Cardiac Veins: Draining the Heart Muscle

After the coronary arteries deliver oxygen to the heart muscle, cardiac veins collect the used, deoxygenated blood and return it to the right atrium. Most of this drainage flows through a single large channel called the coronary sinus, which sits in a groove on the back of the heart and empties into the right atrium.

Several named veins feed into the coronary sinus. The major ones include the anterior interventricular veins, the left marginal veins, the posterior veins of the left ventricle, and the posterior interventricular veins. There are also tiny vessels called Thebesian veins that drain small amounts of blood directly into the heart chambers through microscopic openings in the chamber walls, bypassing the coronary sinus entirely.

Capillaries: The Smallest Vessels

If you’re counting every vessel in the heart, the number climbs into the millions. The heart muscle is packed with capillaries, the tiniest blood vessels in the body, where oxygen and nutrients actually pass into tissue. In a healthy adult heart, there are roughly 2,300 to 2,400 capillaries per square millimeter of heart muscle. Infants have an even higher density, around 3,300 per square millimeter, which gradually decreases as the heart grows larger during childhood.

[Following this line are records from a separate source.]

lemma deg_eq_path_weight:
  assumes "c \<in> Pow {..<n}"
  shows "deg n \<tau> \<nu> gs E c = ((\<Sum>S\<in>Pow {..<n}. path_weight n \<tau> \<nu> gs E S c)
                            + (\<Sum>T\<in>Pow {..<n}. path_weight n \<tau> \<nu> gs E c T)) / 2"
proof -
  have "(\<Sum>S\<in>Pow {..<n}. path_weight n \<tau> \<nu> gs E S c)
      = (\<Sum>js\<in>nz_idx n \<tau> \<nu> gs. \<Sum>P\<leftarrow>E js. vnorm n (opvec n (path_op n P) (basis c)))"
    using assms monomial_op_path_op unfolding path_weight_def monomial_op_def
    by (subst sum.swap) (simp add: sum_sum_list_swap vnorm_opvec_basis)
  moreover have "(\<Sum>T\<in>Pow {..<n}. path_weight n \<tau> \<nu> gs E c T)
      = (\<Sum>js\<in>nz_idx n \<tau> \<nu> gs. \<Sum>P\<leftarrow>E js. vnorm n (opvec n (fadj (path_op n P)) (basis c)))"
    using assms monomial_op_path_op unfolding path_weight_def monomial_op_def
    by (subst sum.swap) (simp add: sum_sum_list_swap vnorm_opvec_fadj_basis)
  ultimately show ?thesis
    unfolding deg_def nz_idx_def[symmetric] sum_list_divide_distrib sum_list_addf
    by (simp add: sum.distrib flip: sum_divide_distrib)
qed

lemma schur_test:
  fixes X :: "'a \<Rightarrow> 'a \<Rightarrow> complex" and K :: "'a \<Rightarrow> 'a \<Rightarrow> real"
  assumes "finite I"
    and entries: "\<And>S T. S \<in> I \<Longrightarrow> T \<in> I \<Longrightarrow> cmod (X S T) \<le> K S T"
    and rows: "\<And>S. S \<in> I \<Longrightarrow> \<phi> S \<noteq> 0 \<Longrightarrow> (\<Sum>T\<in>I. K S T) \<le> D"
    and cols: "\<And>T. T \<in> I \<Longrightarrow> \<psi> T \<noteq> 0 \<Longrightarrow> (\<Sum>S\<in>I. K S T) \<le> D"
  shows "cmod (\<Sum>S\<in>I. cnj (\<phi> S) * (\<Sum>T\<in>I. X S T * \<psi> T))
           \<le> D * ((\<Sum>S\<in>I. (cmod (\<phi> S))\<^sup>2) + (\<Sum>T\<in>I. (cmod (\<psi> T))\<^sup>2)) / 2"
proof -
  define u where "u S = cmod (\<phi> S)" for S
  define v where "v T = cmod (\<psi> T)" for T
  have K_nonneg: "0 \<le> K S T" if "S \<in> I" "T \<in> I" for S T
    using entries[OF that] norm_ge_zero order_trans by blast
  have row: "cmod (\<Sum>T\<in>I. X S T * \<psi> T) \<le> (\<Sum>T\<in>I. K S T * v T)" if "S \<in> I" for S
  proof -
    have "cmod (\<Sum>T\<in>I. X S T * \<psi> T) \<le> (\<Sum>T\<in>I. cmod (X S T) * v T)"
      unfolding v_def norm_mult[symmetric] by (rule norm_sum)
    also have "\<dots> \<le> (\<Sum>T\<in>I. K S T * v T)"
      using that by (intro sum_mono mult_right_mono entries) (auto simp: v_def)
    finally show ?thesis .
  qed
  have "cmod (\<Sum>S\<in>I. cnj (\<phi> S) * (\<Sum>T\<in>I. X S T * \<psi> T))
      \<le> (\<Sum>S\<in>I. u S * cmod (\<Sum>T\<in>I. X S T * \<psi> T))"
    unfolding u_def by (rule order_trans[OF norm_sum]) (simp add: norm_mult)
  also have "\<dots> \<le> (\<Sum>S\<in>I. u S * (\<Sum>T\<in>I. K S T * v T))"
    by (intro sum_mono mult_left_mono row) (auto simp: u_def)
  also have "\<dots> = (\<Sum>S\<in>I. \<Sum>T\<in>I. K S T * (u S * v T))"
    by (simp add: sum_distrib_left mult_ac)
  also have "\<dots> \<le> (\<Sum>S\<in>I. \<Sum>T\<in>I. ((u S)\<^sup>2 * K S T + (v T)\<^sup>2 * K S T) / 2)"
  proof (intro sum_mono)
    fix S T assume "S \<in> I" "T \<in> I"
    have "u S * v T \<le> ((u S)\<^sup>2 + (v T)\<^sup>2) / 2"
      using sum_squares_bound[of "u S" "v T"] by simp
    then have "K S T * (u S * v T) \<le> K S T * (((u S)\<^sup>2 + (v T)\<^sup>2) / 2)"
      using K_nonneg[OF \<open>S \<in> I\<close> \<open>T \<in> I\<close>] by (rule mult_left_mono)
    then show "K S T * (u S * v T) \<le> ((u S)\<^sup>2 * K S T + (v T)\<^sup>2 * K S T) / 2"
      by (simp add: algebra_simps)
  qed
  also have "\<dots> = ((\<Sum>S\<in>I. (u S)\<^sup>2 * (\<Sum>T\<in>I. K S T)) + (\<Sum>T\<in>I. (v T)\<^sup>2 * (\<Sum>S\<in>I. K S T))) / 2"
    unfolding sum_divide_distrib[symmetric] sum.distrib sum_distrib_left
    by (subst (2) sum.swap) (rule refl)
  also have "\<dots> \<le> ((\<Sum>S\<in>I. (u S)\<^sup>2 * D) + (\<Sum>T\<in>I. (v T)\<^sup>2 * D)) / 2"
  proof -
    have weighted: "(cmod z)\<^sup>2 * a \<le> (cmod z)\<^sup>2 * D" if "z \<noteq> 0 \<Longrightarrow> a \<le> D" for z a
      using that by (cases "z = 0") (auto intro: mult_left_mono)
    show ?thesis
      unfolding u_def v_def using rows cols
      by (intro divide_right_mono add_mono sum_mono weighted) auto
  qed
  finally show ?thesis
    by (simp add: u_def v_def sum_distrib_right[symmetric] mult.commute[of D] distrib_right)
qed

lemma eta_norm_le:
  assumes "\<eta> \<le> n"
    and "\<And>\<phi> \<psi>. \<phi> \<in> eta_states n \<eta> \<Longrightarrow> \<psi> \<in> eta_states n \<eta> \<Longrightarrow>
           cmod (inner_f n \<phi> (opvec n X \<psi>)) \<le> C"
  shows "eta_norm n \<eta> X \<le> C"
proof -
  have "{..<\<eta>} \<in> Pow {..<n}" using assms(1) by auto
  moreover have "(\<lambda>S. (cmod (basis {..<\<eta>} S))\<^sup>2) = (\<lambda>S. if S = {..<\<eta>} then 1 else 0)"
    by (auto simp: basis_def)
  ultimately have "vnorm n (basis {..<\<eta>}) = 1"
    unfolding vnorm_def by (simp only:) simp
  then have "basis {..<\<eta>} \<in> eta_states n \<eta>"
    using assms(1) by (auto simp: eta_states_def basis_def)
  then show ?thesis
    unfolding eta_norm_def using assms(2) by (intro cSup_least) auto
qed

theorem proposition11:
  fixes n \<eta> :: nat and \<tau> \<nu> :: "nat \<Rightarrow> nat \<Rightarrow> complex" and gs :: "bool list"
    and E :: "(nat \<times> nat) list \<Rightarrow> fpath list"
  assumes "0 < n" and "\<eta> \<le> n" and "gs \<noteq> []"
    and "fadj (Top n \<tau>) = Top n \<tau>" and "fadj (Vop n \<nu>) = Vop n \<nu>"
    and "\<forall>js. valid_idx n gs js \<longrightarrow>
           (\<lambda>S T. \<Sum>P\<leftarrow>E js. path_op n P S T) = nest n (rev (map2 (Hjk n) gs js))"
    and "\<forall>js. valid_idx n gs js \<longrightarrow> nest n (rev (map2 (Hjk n) gs js)) = (\<lambda>S T. 0) \<longrightarrow> E js = []"
  shows "eta_norm n \<eta> (nest n (rev (map (Hgam n \<tau> \<nu>) gs)))
         \<le> maxnorm n \<tau> ^ length (filter id gs) * maxnorm n \<nu> ^ (length gs - length (filter id gs))
           * Max {deg n \<tau> \<nu> gs E c | c. c \<subseteq> {..<n} \<and> card c = \<eta>}"
proof -
  let ?X = "nest n (rev (map (Hgam n \<tau> \<nu>) gs))" and ?W = "path_weight n \<tau> \<nu> gs E"
  define B where "B = (\<Prod>g\<leftarrow>gs. maxnorm n (mu \<tau> \<nu> g))"
  define D where "D = Max {deg n \<tau> \<nu> gs E c | c. c \<subseteq> {..<n} \<and> card c = \<eta>}"
  define K where "K S T = B * ((?W S T + ?W T S) / 2)" for S T
  have "0 \<le> B"
    unfolding B_def using assms(1) by (rule prod_list_maxnorm_mu_nonneg)
  have "\<forall>Y\<in>set (rev (map (Hgam n \<tau> \<nu>) gs)). fadj Y = Y"
    using assms(4,5) by (auto simp: Hgam_def)
  then have entries: "cmod (?X S T) \<le> K S T" for S T
    using nest_rev_Hgam_entry_le[OF assms(1,6), of \<tau> \<nu> S T]
      nest_rev_Hgam_entry_le[OF assms(1,6), of \<tau> \<nu> T S] cmod_nest_swap[of _ n S T]
    by (simp add: K_def B_def field_simps)
  have "(\<Sum>T\<in>Pow {..<n}. K c T) = B * deg n \<tau> \<nu> gs E c"
    "(\<Sum>T\<in>Pow {..<n}. K T c) = B * deg n \<tau> \<nu> gs E c" if "c \<subseteq> {..<n}" for c
    using that unfolding K_def sum_distrib_left[symmetric] sum_divide_distrib[symmetric] sum.distrib
    by (simp_all add: deg_eq_path_weight add.commute)
  moreover have "deg n \<tau> \<nu> gs E c \<le> D" if "c \<subseteq> {..<n}" "card c = \<eta>" for c
    unfolding D_def using that
    by (intro Max_ge) (auto intro: finite_subset[of _ "deg n \<tau> \<nu> gs E ` Pow {..<n}"])
  ultimately have "(\<Sum>T\<in>Pow {..<n}. K c T) \<le> B * D" "(\<Sum>T\<in>Pow {..<n}. K T c) \<le> B * D"
    if "c \<subseteq> {..<n}" "card c = \<eta>" for c
    using that \<open>0 \<le> B\<close> by (simp_all add: mult_left_mono)
  then have "cmod (inner_f n \<phi> (opvec n ?X \<psi>)) \<le> B * D"
    if "\<phi> \<in> eta_states n \<eta>" "\<psi> \<in> eta_states n \<eta>" for \<phi> \<psi>
    using schur_test[of "Pow {..<n}" ?X K \<phi> "B * D" \<psi>] entries that
    by (simp add: inner_f_def opvec_def eta_states_def vnorm_def)
  then show ?thesis
    unfolding D_def B_def prod_list_maxnorm_mu[symmetric] by (rule eta_norm_le[OF assms(2)])
qed
lemma balance_move:
  assumes i: "i \<in> {1..J}" and j: "j \<in> {1..J}" and "i \<noteq> j" "0 < n j"
  shows "\<xi> \<psi> n * Q n (move j i n) = \<xi> \<psi> (move j i n) * Q (move j i n) n"
proof -
  let ?m = "move j i n"
  have m_i: "?m i = Suc (n i)" and back_move: "move i j ?m = n"
    using assms by (auto simp: move_def)
  have in_rate: "Q ?m n = \<gamma> i * \<mu> i (Suc (n i)) * r i j * \<alpha> j"
    using q_gamma_move[OF j i, of ?m] assms by (simp add: m_i back_move)
  have out_rate: "Q n ?m = \<gamma> j * \<mu> j (n j) * r j i * \<alpha> i"
    using q_gamma_move assms by blast
  show ?thesis
  proof (cases "\<gamma> i = 0 \<or> \<gamma> j = 0")
    case True
    then show ?thesis
      using in_rate out_rate alpha_eq[OF i] alpha_eq[OF j] by auto
  next
    case False
    then have "i \<in> W" "j \<in> W"
      using working_iff i j by blast+
    \<comment> \<open>Both states arise from \<open>depart j n\<close> by a single arrival.\<close>
    define n' where "n' = depart j n"
    have n_eq: "arrive j n' = n" and m_eq: "arrive i n' = ?m"
      and shift: "Suc (n' j) = n j" "n' i = n i"
      using assms by (simp_all add: n'_def arrive_def depart_def move_def)
    note xi_n = xi_phi_arrive[OF \<open>j \<in> W\<close>, of \<psi> n', unfolded n_eq shift]
    note xi_m = xi_phi_arrive[OF \<open>i \<in> W\<close>, of \<psi> n', unfolded m_eq shift]
    have "\<mu> i (Suc (n i)) \<noteq> 0" "\<mu> j (n j) \<noteq> 0"
      using mu_pos'[OF i, of "Suc (n i)"] mu_pos'[OF j, of "n j"] assms(4) by auto
    then have "\<xi> \<psi> n * Q n ?m = \<xi> \<psi> n' * (\<eta> j * r j i) * (\<gamma> i * \<gamma> j / \<beta>)"
      "\<xi> \<psi> ?m * Q ?m n = \<xi> \<psi> n' * (\<eta> i * r i j) * (\<gamma> i * \<gamma> j / \<beta>)"
      unfolding xi_n xi_m in_rate out_rate alpha_eq[OF i] alpha_eq[OF j] by simp_all
    moreover have "\<eta> j * r j i = \<eta> i * r i j"
      using reversible i j by force
    ultimately show ?thesis
      by simp
  qed
qed

lemma xi_phi_detailed_balance: "\<xi> \<psi> x * Q x y = \<xi> \<psi> y * Q y x"
proof -
  have balance: "\<xi> \<psi> x * Q x y = \<xi> \<psi> y * Q y x" if "Q y x \<noteq> 0" for x y
    using that[unfolded q_gamma_def]
  proof (cases rule: jackson_q_cases)
    case (arrival i)
    then show ?thesis
      using balance_arrive[of i \<psi> y] by simp
  next
    case (transfer j i)
    then show ?thesis
      using balance_move[of i j y \<psi>] by simp
  next
    case (departure j)
    then have "y = arrive j x"
      by (simp add: arrive_def depart_def)
    then show ?thesis
      using balance_arrive[OF \<open>j \<in> {1..J}\<close>, of \<psi> x] by simp
  qed
  show ?thesis
  proof (cases "Q y x = 0")
    case True
    show ?thesis
    proof (cases "Q x y = 0")
      case False
      then show ?thesis
        using balance[where x = y and y = x] by simp
    qed (simp add: True)
  qed (rule balance)
qed

lemma xi_phi_prob_dist:
  assumes "prob_dist (states B) \<psi>"
  shows "prob_dist S (\<xi> \<psi>)"
proof -
  let ?w = "\<lambda>m. \<Prod>j\<in>W. marg \<eta> \<mu> j (m j)"
  have "(?w has_sum (\<Prod>j\<in>W. 1)) (states W)"
    using finite_working marg_has_sum marg_nonneg working_subset by (intro has_sum_prod_states) auto
  then have "((\<lambda>(m, b). ?w m * \<psi> b) has_sum 1 * 1) (states W \<times> states B)"
    using assms marg_nonneg working_subset
    by (intro has_sum_product_nonneg) (auto simp: prob_dist_def intro!: prod_nonneg)
  also have "?this \<longleftrightarrow> (\<xi> \<psi> has_sum 1) S"
  proof (rule has_sum_reindex_bij_witness[where i = "\<lambda>n. (restrict_state W n, restrict_state B n)"
        and j = "\<lambda>(m, b) k. m k + b k"])
    show "\<xi> \<psi> ((\<lambda>(m, b) k. m k + b k) mb) = (\<lambda>(m, b). ?w m * \<psi> b) mb"
      if mb_in: "mb \<in> states W \<times> states B" for mb
    proof -
      obtain m b where mb: "mb = (m, b)" "m \<in> states W" "b \<in> states B"
        using mb_in by blast
      have "restrict_state B (\<lambda>k. m k + b k) = b" "(\<Prod>j\<in>W. marg \<eta> \<mu> j (m j + b j)) = ?w m"
        using mb working_blocked_disjoint
        by (auto simp: restrict_state_def states_def fun_eq_iff intro!: prod.cong)
      then show ?thesis
        using mb by (simp add: xi_phi_def)
    qed
  qed (auto simp: restrict_state_def states_def fun_eq_iff working_def blocked_def)
  finally show ?thesis
    using assms marg_nonneg working_subset
    by (auto simp: prob_dist_def xi_phi_def restrict_state_def states_def
        intro!: mult_nonneg_nonneg prod_nonneg)
qed

lemma xi_eq_xi_phi: "xi J \<eta> \<mu> = \<xi> (\<lambda>b. \<Prod>j\<in>B. marg \<eta> \<mu> j (b j))"
proof
  fix n
  have "xi J \<eta> \<mu> n = (\<Prod>j\<in>W \<union> B. marg \<eta> \<mu> j (n j))"
    by (simp add: xi_def working_Un_blocked)
  also have "\<dots> = (\<Prod>j\<in>W. marg \<eta> \<mu> j (n j)) * (\<Prod>j\<in>B. marg \<eta> \<mu> j (n j))"
    using finite_working finite_blocked working_blocked_disjoint by (rule prod.union_disjoint)
  finally show "xi J \<eta> \<mu> n = \<xi> (\<lambda>b. \<Prod>j\<in>B. marg \<eta> \<mu> j (b j)) n"
    by (simp add: xi_phi_def restrict_state_def)
qed

lemma blocked_marginals_prob_dist: "prob_dist (states B) (\<lambda>b. \<Prod>j\<in>B. marg \<eta> \<mu> j (b j))"
proof -
  have "((\<lambda>b. \<Prod>j\<in>B. marg \<eta> \<mu> j (b j)) has_sum (\<Prod>j\<in>B. 1)) (states B)"
    using finite_blocked marg_has_sum marg_nonneg blocked_subset by (intro has_sum_prod_states) auto
  then show ?thesis
    using marg_nonneg blocked_subset by (auto simp: prob_dist_def intro!: prod_nonneg)
qed
(* Let $\beta>0$, $v\in\mathcal{V}$, let $\alpha_v\in\mathcal{M}_v$ be given by $\alpha_v(s)=1$ for all $s\in[0,v]$, and let $\lambda_*=-\frac{\beta^2\xi'(v_* )}{2}=-\frac{\beta^2pv_*^{p-1}}{2}$. Then: (i) if $v\neq v_*$, then $\inf_{\lambda\in\mathbb{R}}\mathcal{Q}_{\beta,v}(\alpha_v,\lambda)<0$; (ii) if $v=v_*$, then $\inf_{\lambda\in\mathbb{R}}\mathcal{Q}_{\beta,v}(\alpha_v,\lambda)=0$, and the infimum is attained at $\lambda=\lambda_*$.
   Context: Let $p\ge2$, $\mu$ a centered probability measure on a bounded Borel set $\Lambda\subset\mathbb{R}$, $v_*=\int a^2\mu(da)$, $\mathcal{V}=\{u^2:u\in\Lambda\}$, $\xi(s)=s^p$, and $\mathcal{M}_v$ the set of cumulative distribution functions on $[0,v]$. For $\alpha\in\mathcal{M}_v$, $\lambda\in\mathbb{R}$, let $\Phi_{\beta,v,\alpha}(s,x,\lambda)$ be the weak solution on $[0,v]\times\mathbb{R}$ of $\partial_s\Phi=-\frac{\beta^2\xi''(s)}{2}(\partial_{xx}\Phi+\alpha(s)(\partial_x\Phi)^2)$ with $\Phi(v,x,\lambda)=\log\int e^{xa+\lambda a^2}\mu(da)$; $\mathcal{P}_{\beta,v}(\alpha,\lambda)=\Phi_{\beta,v,\alpha}(0,0,\lambda)-\lambda v-\frac{\beta^2}{2}\int_0^v\alpha(s)\xi''(s)s\,ds$ and $\mathcal{Q}_{\beta,v}(\alpha,\lambda)=\mathcal{P}_{\beta,v}(\alpha,\lambda)-\frac{\beta^2v^p}{2}$. *)

theory Defs
  imports "HOL-Analysis.Analysis" "HOL-Probability.Probability"
begin

definition xi :: "nat \<Rightarrow> real \<Rightarrow> real" where
  "xi p s = s ^ p"

definition xi2 :: "nat \<Rightarrow> real \<Rightarrow> real" where
  "xi2 p s = real p * (real p - 1) * s ^ (p - 2)"

definition parisi_sol ::
  "real \<Rightarrow> nat \<Rightarrow> real \<Rightarrow> (real \<Rightarrow> real) \<Rightarrow> real measure \<Rightarrow> real
   \<Rightarrow> (real \<Rightarrow> real \<Rightarrow> real) \<Rightarrow> bool" where
  "parisi_sol \<beta> p v \<alpha> \<mu> lam F \<longleftrightarrow>
     continuous_on ({0..v} \<times> UNIV) (\<lambda>(s, x). F s x) \<and>
     (\<forall>x. F v x = ln (\<integral>a. exp (x * a + lam * a\<^sup>2) \<partial>\<mu>)) \<and>
     (\<exists>Fs Fx Fxx B.
        \<forall>s\<in>{0<..<v}. \<forall>x.
          ((\<lambda>t. F t x) has_real_derivative Fs s x) (at s) \<and>
          (F s has_real_derivative Fx s x) (at x) \<and>
          (Fx s has_real_derivative Fxx s x) (at x) \<and>
          Fs s x = - (\<beta>\<^sup>2 * xi2 p s / 2) * (Fxx s x + \<alpha> s * (Fx s x)\<^sup>2) \<and>
          \<bar>Fx s x\<bar> \<le> B)"

(* P_{beta,v}(alpha,lambda) given Phi_{beta,v,alpha}(0,0,lambda) = phi0 *)
definition parisi_P ::
  "real \<Rightarrow> nat \<Rightarrow> real \<Rightarrow> (real \<Rightarrow> real) \<Rightarrow> real \<Rightarrow> real \<Rightarrow> real" where
  "parisi_P \<beta> p v \<alpha> lam phi0 =
     phi0 - lam * v - \<beta>\<^sup>2 / 2 * integral {0..v} (\<lambda>s. \<alpha> s * xi2 p s * s)"

definition parisi_Q ::
  "real \<Rightarrow> nat \<Rightarrow> real \<Rightarrow> (real \<Rightarrow> real) \<Rightarrow> real \<Rightarrow> real \<Rightarrow> real" where
  "parisi_Q \<beta> p v \<alpha> lam phi0 = parisi_P \<beta> p v \<alpha> lam phi0 - \<beta>\<^sup>2 * v ^ p / 2"

end

theory Submission
  imports Defs
begin

(* For alpha = 1 the Hopf-Cole substitution u = exp Phi turns the Parisi PDE into the linear backward
   heat equation  d_s u = - (beta^2 xi''(s) / 2) d_xx u.  Differentiating  E exp (x a + c a^2)  once
   in c or twice in x brings down the same factor a^2, so with  c(s) = lam + beta^2 (xi'(v) - xi'(s)) / 2
   the function  E exp (x a + c(s) a^2)  solves this equation with the right terminal value.  A maximum
   principle for solutions of at most exponential growth makes it the only solution, hence
   Phi(0, 0, lam) = log E exp ((lam + beta^2 xi'(v) / 2) a^2).  Since  int_0^v xi''(s) s ds = (p - 1) v^p,
   this means  Q(lam) = g(lam + beta^2 xi'(v) / 2)  with  g(c) = log E exp (c a^2) - c v.  Now g(0) = 0
   and g'(0) = v_* - v, so g takes negative values unless v = v_*, whereas for v = v_* Jensen's
   inequality gives g >= 0. *)

section \<open>Differentiation under the integral sign\<close>

lemma abs_exp_minus_one_minus_le: "\<bar>exp z - 1 - z\<bar> \<le> z\<^sup>2 * exp \<bar>z\<bar>" for z :: real
proof -
  have lower: "0 \<le> exp z - 1 - z"
    using exp_ge_add_one_self[of z] by linarith
  have "exp z * (1 - z) \<le> exp z * exp (- z)"
    using exp_ge_add_one_self[of "- z"] by simp
  then have upper: "exp z - 1 - z \<le> z * (exp z - 1)"
    by (simp add: exp_minus algebra_simps)
  have "\<bar>exp z - 1\<bar> \<le> \<bar>z\<bar> * exp \<bar>z\<bar>"
  proof (cases "0 \<le> z")
    case True
    have "exp z * (1 - z) \<le> 1"
      using \<open>exp z * (1 - z) \<le> exp z * exp (- z)\<close> by (simp add: exp_minus)
    then show ?thesis
      using True by (simp add: algebra_simps)
  next
    case False
    have "1 - exp z \<le> - z"
      using exp_ge_add_one_self[of z] by linarith
    also have "\<dots> \<le> - z * exp (- z)"
      using False by simp
    finally show ?thesis
      using False by simp
  qed
  then have "\<bar>z\<bar> * \<bar>exp z - 1\<bar> \<le> \<bar>z\<bar> * (\<bar>z\<bar> * exp \<bar>z\<bar>)"
    by (rule mult_left_mono) simp
  moreover have "z * (exp z - 1) \<le> \<bar>z\<bar> * \<bar>exp z - 1\<bar>"
    by (metis abs_ge_self abs_mult)
  ultimately show ?thesis
    using lower upper by (simp add: power2_eq_square)
qed

lemma has_real_derivative_of_quadratic_remainder:
  fixes f :: "real \<Rightarrow> real"
  assumes "\<And>h. \<bar>h\<bar> \<le> 1 \<Longrightarrow> \<bar>f (t + h) - f t - h * D\<bar> \<le> C * h\<^sup>2"
  shows "(f has_real_derivative D) (at t)"
  unfolding DERIV_def LIM_eq
proof (intro allI impI)
  fix r :: real
  assume r: "0 < r"
  have "\<bar>f (t + 1) - f t - 1 * D\<bar> \<le> C * 1\<^sup>2"
    by (rule assms) simp
  then have "0 \<le> C"
    by (metis abs_ge_zero mult_1_right order_trans power_one)
  define \<delta> where "\<delta> = min 1 (r / (C + 1))"
  have "0 < \<delta>"
    using r \<open>0 \<le> C\<close> by (simp add: \<delta>_def)
  moreover have "\<bar>(f (t + h) - f t) / h - D\<bar> < r" if "h \<noteq> 0" "\<bar>h\<bar> < \<delta>" for h
  proof -
    have "\<bar>(f (t + h) - f t) / h - D\<bar> = \<bar>f (t + h) - f t - h * D\<bar> / \<bar>h\<bar>"
      using that(1) by (simp add: field_simps flip: abs_divide)
    also have "\<dots> \<le> C * h\<^sup>2 / \<bar>h\<bar>"
      using that by (intro divide_right_mono assms) (auto simp: \<delta>_def)
    also have "\<dots> = C * \<bar>h\<bar>"
      using that(1) by (simp add: power2_eq_square field_simps)
    also have "\<dots> \<le> C * (r / (C + 1))"
      using that \<open>0 \<le> C\<close> by (intro mult_left_mono) (auto simp: \<delta>_def)
    also have "\<dots> < r"
      using r \<open>0 \<le> C\<close> by (simp add: field_simps)
    finally show ?thesis .
  qed
  ultimately show "\<exists>s>0. \<forall>h. h \<noteq> 0 \<and> norm (h - 0) < s \<longrightarrow> norm ((f (t + h) - f t) / h - D) < r"
    by auto
qed

lemma abs_exp_remainder_le:
  fixes h k t d H K :: real
  assumes h: "\<bar>h\<bar> \<le> H" and k: "\<bar>k\<bar> \<le> K" and d: "\<bar>d\<bar> \<le> 1"
  shows "\<bar>h * exp ((t + d) * k) - h * exp (t * k) - d * (h * k * exp (t * k))\<bar>
    \<le> H * K\<^sup>2 * exp (\<bar>t\<bar> * K + K) * d\<^sup>2"
proof -
  have "t * k \<le> \<bar>t\<bar> * \<bar>k\<bar>"
    by (metis abs_ge_self abs_mult)
  also have "\<dots> \<le> \<bar>t\<bar> * K"
    using k by (intro mult_left_mono) auto
  finally have exp_tk: "exp (t * k) \<le> exp (\<bar>t\<bar> * K)"
    by simp
  have "\<bar>d\<bar> * \<bar>k\<bar> \<le> 1 * K"
    using d k by (intro mult_mono) auto
  then have dk: "\<bar>d * k\<bar> \<le> K"
    by (simp add: abs_mult)
  have dk2: "(d * k)\<^sup>2 \<le> d\<^sup>2 * K\<^sup>2"
    using k by (simp add: power_mult_distrib abs_le_square_iff[symmetric] mult_left_mono)
  have "\<bar>exp (d * k) - 1 - d * k\<bar> \<le> (d * k)\<^sup>2 * exp \<bar>d * k\<bar>"
    by (rule abs_exp_minus_one_minus_le)
  also have "\<dots> \<le> d\<^sup>2 * K\<^sup>2 * exp K"
    using dk dk2 by (intro mult_mono) auto
  finally have "\<bar>exp (d * k) - 1 - d * k\<bar> \<le> d\<^sup>2 * K\<^sup>2 * exp K" .
  have "h * exp ((t + d) * k) - h * exp (t * k) - d * (h * k * exp (t * k))
      = h * exp (t * k) * (exp (d * k) - 1 - d * k)"
    by (simp add: algebra_simps exp_add)
  then have "\<bar>h * exp ((t + d) * k) - h * exp (t * k) - d * (h * k * exp (t * k))\<bar>
      = \<bar>h\<bar> * exp (t * k) * \<bar>exp (d * k) - 1 - d * k\<bar>"
    by (simp add: abs_mult)
  also have "\<dots> \<le> H * exp (\<bar>t\<bar> * K) * (d\<^sup>2 * K\<^sup>2 * exp K)"
    using h exp_tk \<open>\<bar>exp (d * k) - 1 - d * k\<bar> \<le> d\<^sup>2 * K\<^sup>2 * exp K\<close> by (intro mult_mono) auto
  also have "\<dots> = H * K\<^sup>2 * exp (\<bar>t\<bar> * K + K) * d\<^sup>2"
    by (simp add: exp_add algebra_simps)
  finally show ?thesis .
qed

locale bounded_real_distribution = prob_space M for M :: "real measure" +
  fixes R :: real
  assumes sets_eq_borel: "sets M = sets borel"
    and AE_abs_le: "AE a in M. \<bar>a\<bar> \<le> R"
begin

lemma borel_measurable_continuous:
  "continuous_on UNIV f \<Longrightarrow> f \<in> borel_measurable M"
  by (subst measurable_cong_sets[OF sets_eq_borel refl]) (rule borel_measurable_continuous_onI)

These capillaries connect the smallest branches of the coronary arteries to the smallest cardiac veins, forming a continuous loop. Every single muscle cell in the heart sits close to a capillary, ensuring a constant supply of oxygen to keep the heart beating.

A Vessel That Disappears After Birth

Before birth, there is actually one additional vessel connecting the heart’s two great arteries. The ductus arteriosus is a short channel between the aorta and the pulmonary artery that redirects blood away from the lungs while a baby is still in the womb (since the lungs aren’t yet breathing air). Within two to three days after birth, this vessel closes on its own and eventually becomes a small ligament. When it fails to close, the condition is called patent ductus arteriosus, which sometimes requires treatment.

Putting It All Together

The count depends on the scale you’re looking at. At the level most anatomy classes and textbooks focus on, the heart has five great vessels (or eight if you count each pulmonary vein individually). Add the two main coronary arteries and the coronary sinus, and you’re in the range of 11 named structures. Factor in the major branches of the coronary arteries and the named cardiac veins, and the number rises to roughly 20. Zoom in to the capillary level, and the heart contains millions of individual vessels woven through every layer of muscle tissue.